• Work item:
Restate word for word the lines of the records below, starting at the line that contains "(quantumness X Y)" and ending at the line that contains "by (rule linearI)", with both of those lines included and nothing else.

• Records for processing:

(* Let $\mathcal{H}$ be a finite-dimensional Hilbert space and let $\mathcal{A}_0$ be an observable (a Hermitian operator) on $\mathcal{H}$. Suppose the observable evolves in the Heisenberg picture according to the adjoint master equation $\frac{d\mathcal{A}_t}{dt}=\mathcal{L}_t^{\dagger}(\mathcal{A}_t)$, where $\mathcal{L}_t^{\dagger}$ is the adjoint of the Liouvillian super-operator generating the dynamics, with $\mathcal{A}_t$ differentiable in $t$. Then for every $T>0$ the time $T$ needed to generate the quantumness $Q(\mathcal{A}_0,\mathcal{A}_T)$ satisfies $$T\ \geq\ T_Q=\frac{\sqrt{Q(\mathcal{A}_0,\mathcal{A}_T)}}{2\,\langle\!\langle \lVert[\mathcal{A}_0,\mathcal{L}_t^{\dagger}(\mathcal{A}_t)]\rVert_{\rm HS}\rangle\!\rangle_T},$$ (whenever the time average in the denominator is nonzero).
   Context: For operators $X,Y$ on $\mathcal{H}$, the quantumness is $Q(X,Y)=2\lVert[X,Y]\rVert_{\rm HS}^2$, where $[X,Y]=XY-YX$ and $\lVert O\rVert_{\rm HS}=\sqrt{\operatorname{tr}(O^{\dagger}O)}$ is the Hilbert–Schmidt norm. The Liouvillian $\mathcal{L}_t$ generates the Schrödinger-picture dynamics $\dot\rho_t=\mathcal{L}_t(\rho_t)$, and its adjoint $\mathcal{L}_t^\dagger$ is defined by $\operatorname{tr}(\mathcal{A}\,\mathcal{L}_t(\rho))=\operatorname{tr}(\mathcal{L}_t^\dagger(\mathcal{A})\rho)$ for all states $\rho$ and operators $\mathcal{A}$. For a function $X_t$, $\langle\!\langle X_t\rangle\!\rangle_T=\frac{1}{T}\int_0^T X_t\,dt$ denotes its time average over $[0,T]$. *)

theory Defs
  imports "HOL-Analysis.Analysis"
begin

text \<open>Operators on a finite-dimensional Hilbert space C^n, represented as complex
  matrices indexed by a finite type 'n.\<close>

type_synonym 'n op = "complex^'n^'n"

definition cadj :: "'n::finite op \<Rightarrow> 'n op" where
  "cadj M = (\<chi> i j. cnj (M $ j $ i))"

definition hermitian :: "'n::finite op \<Rightarrow> bool" where
  "hermitian M \<longleftrightarrow> cadj M = M"

definition commutator :: "'n::finite op \<Rightarrow> 'n op \<Rightarrow> 'n op" where
  "commutator X Y = X ** Y - Y ** X"

definition hs_norm :: "'n::finite op \<Rightarrow> real" where
  "hs_norm M = sqrt (Re (trace (cadj M ** M)))"

definition quantumness :: "'n::finite op \<Rightarrow> 'n op \<Rightarrow> real" where
  "quantumness X Y = 2 * (hs_norm (commutator X Y))\<^sup>2"

definition is_state :: "'n::finite op \<Rightarrow> bool" where
  "is_state \<rho> \<longleftrightarrow> hermitian \<rho> \<and> trace \<rho> = 1 \<and>
     (\<forall>v::complex^'n. 0 \<le> Re (\<Sum>i\<in>UNIV. cnj (v $ i) * (\<rho> *v v) $ i))"

definition is_adjoint_superop :: "('n::finite op \<Rightarrow> 'n op) \<Rightarrow> ('n op \<Rightarrow> 'n op) \<Rightarrow> bool" where
  "is_adjoint_superop L Ldag \<longleftrightarrow>
     (\<forall>\<rho> A. is_state \<rho> \<longrightarrow> trace (A ** L \<rho>) = trace (Ldag A ** \<rho>))"

definition time_avg :: "real \<Rightarrow> (real \<Rightarrow> real) \<Rightarrow> real" where
  "time_avg T f = integral {0..T} f / T"

end

theory Submission
  imports Defs
begin

text \<open>The commutator \<open>[A 0, A t]\<close> depends linearly on \<open>A t\<close>, so it has derivative
  \<open>[A 0, L\<^sup>\<dagger>\<^sub>t(A t)]\<close>, and it vanishes at \<open>t = 0\<close>. The fundamental theorem of calculus
  therefore gives \<open>\<parallel>[A 0, A T]\<parallel> \<le> \<integral>\<^sub>0\<^sup>T \<parallel>[A 0, L\<^sup>\<dagger>\<^sub>t(A t)]\<parallel> dt\<close>, i.e.
  \<open>\<surd>Q \<le> \<surd>2 T \<langle>\<langle>\<parallel>[A 0, L\<^sup>\<dagger>\<^sub>t(A t)]\<parallel>\<rangle>\<rangle>\<^sub>T\<close>, which is sharper than the claim by a factor \<open>\<surd>2\<close>.\<close>

lemma hs_norm_eq_norm: "hs_norm (M::'n::finite op) = norm M"
proof -
  have "Re (trace (cadj M ** M)) = (\<Sum>i\<in>UNIV. \<Sum>k\<in>UNIV. (cmod (M $ k $ i))\<^sup>2)"
    by (simp add: trace_def cadj_def matrix_matrix_mult_def Re_sum cmod_power2 flip: power2_eq_square)
  also have "\<dots> = (\<Sum>k\<in>UNIV. (norm (M $ k))\<^sup>2)"
    by (subst sum.swap) (simp add: norm_vec_def L2_set_def sum_nonneg)
  finally show ?thesis
    by (simp add: hs_norm_def norm_vec_def L2_set_def)
qed

lemma sqrt_quantumness: "sqrt (quantumness X Y) = sqrt 2 * norm (commutator X Y)"
  by (simp add: quantumness_def hs_norm_eq_norm real_sqrt_mult)

lemma bounded_linear_commutator: "bounded_linear (commutator (X::'n::finite op))"
proof -
  have "linear (commutator X)"
    by (rule linearI)
      (simp_all add: commutator_def vec_eq_iff matrix_matrix_mult_def algebra_simps
         sum.distrib scaleR_sum_right)
  then show ?thesis
    by (simp add: linear_conv_bounded_linear)
qed

lemma commutator_self [simp]: "commutator X X = 0"
  by (simp add: commutator_def)

lemma norm_diff_le_integral_norm_derivative:
  fixes f :: "real \<Rightarrow> 'a::banach"
  assumes "a \<le> b"
    and "\<And>t. t \<in> {a..b} \<Longrightarrow> (f has_vector_derivative f' t) (at t within {a..b})"
    and "(\<lambda>t. norm (f' t)) integrable_on {a..b}"
  shows "norm (f b - f a) \<le> integral {a..b} (\<lambda>t. norm (f' t))"
proof -
  have ftc: "(f' has_integral f b - f a) {a..b}"
    using assms(1,2) by (rule fundamental_theorem_of_calculus)
  have "norm (integral {a..b} f') \<le> integral {a..b} (\<lambda>t. norm (f' t))"
    using has_integral_integrable[OF ftc] assms(3) by (rule integral_norm_bound_integral) simp
  then show ?thesis
    by (simp add: integral_unique[OF ftc])
qed

theorem theorem1:
  fixes A :: "real \<Rightarrow> 'n::finite op"
    and L Ldag :: "real \<Rightarrow> 'n op \<Rightarrow> 'n op"
    and T :: real
  assumes herm0: "hermitian (A 0)"
    and adj: "\<forall>t. is_adjoint_superop (L t) (Ldag t)"
    and deriv: "\<forall>t\<ge>0. (A has_vector_derivative Ldag t (A t)) (at t within {0..})"
    and Tpos: "T > 0"
    and avg_nz: "time_avg T (\<lambda>t. hs_norm (commutator (A 0) (Ldag t (A t)))) \<noteq> 0"
  shows "T \<ge> sqrt (quantumness (A 0) (A T)) /
               (2 * time_avg T (\<lambda>t. hs_norm (commutator (A 0) (Ldag t (A t)))))"
proof -
  define I where "I = integral {0..T} (\<lambda>t. norm (commutator (A 0) (Ldag t (A t))))"
  have avg: "time_avg T (\<lambda>t. hs_norm (commutator (A 0) (Ldag t (A t)))) = I / T"
    by (simp add: time_avg_def I_def hs_norm_eq_norm)
  \<comment> \<open>A non-integrable function has integral \<open>0\<close>, so the nonzero average forces integrability.\<close>
  have integrable: "(\<lambda>t. norm (commutator (A 0) (Ldag t (A t)))) integrable_on {0..T}"
    using avg_nz Tpos not_integrable_integral by (force simp: avg I_def)
  have commutator_deriv: "((\<lambda>t. commutator (A 0) (A t)) has_vector_derivative commutator (A 0) (Ldag t (A t)))
      (at t within {0..T})" if "t \<in> {0..T}" for t
  proof -
    have "(A has_vector_derivative Ldag t (A t)) (at t within {0..T})"
      using that deriv by (auto intro: has_vector_derivative_within_subset)
    then show ?thesis
      by (rule bounded_linear.has_vector_derivative[OF bounded_linear_commutator])
  qed
  have "norm (commutator (A 0) (A T) - commutator (A 0) (A 0)) \<le> I"
    unfolding I_def using Tpos commutator_deriv integrable
    by (intro norm_diff_le_integral_norm_derivative) auto
  then have bound: "norm (commutator (A 0) (A T)) \<le> I"
    by simp
  have "I \<noteq> 0"
    using avg avg_nz by simp
  with bound have "I > 0"
    using norm_ge_zero[of "commutator (A 0) (A T)"] by linarith
  have "sqrt 2 * norm (commutator (A 0) (A T)) \<le> 2 * I"
    using mult_mono[OF _ bound] sqrt2_less_2 by force
  then show ?thesis
    using \<open>I > 0\<close> Tpos by (simp add: sqrt_quantumness avg field_simps)
qed

end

• Solution for this problem:
lemma sqrt_quantumness: "sqrt (quantumness X Y) = sqrt 2 * norm (commutator X Y)"
  by (simp add: quantumness_def hs_norm_eq_norm real_sqrt_mult)

lemma bounded_linear_commutator: "bounded_linear (commutator (X::'n::finite op))"
proof -
  have "linear (commutator X)"
    by (rule linearI)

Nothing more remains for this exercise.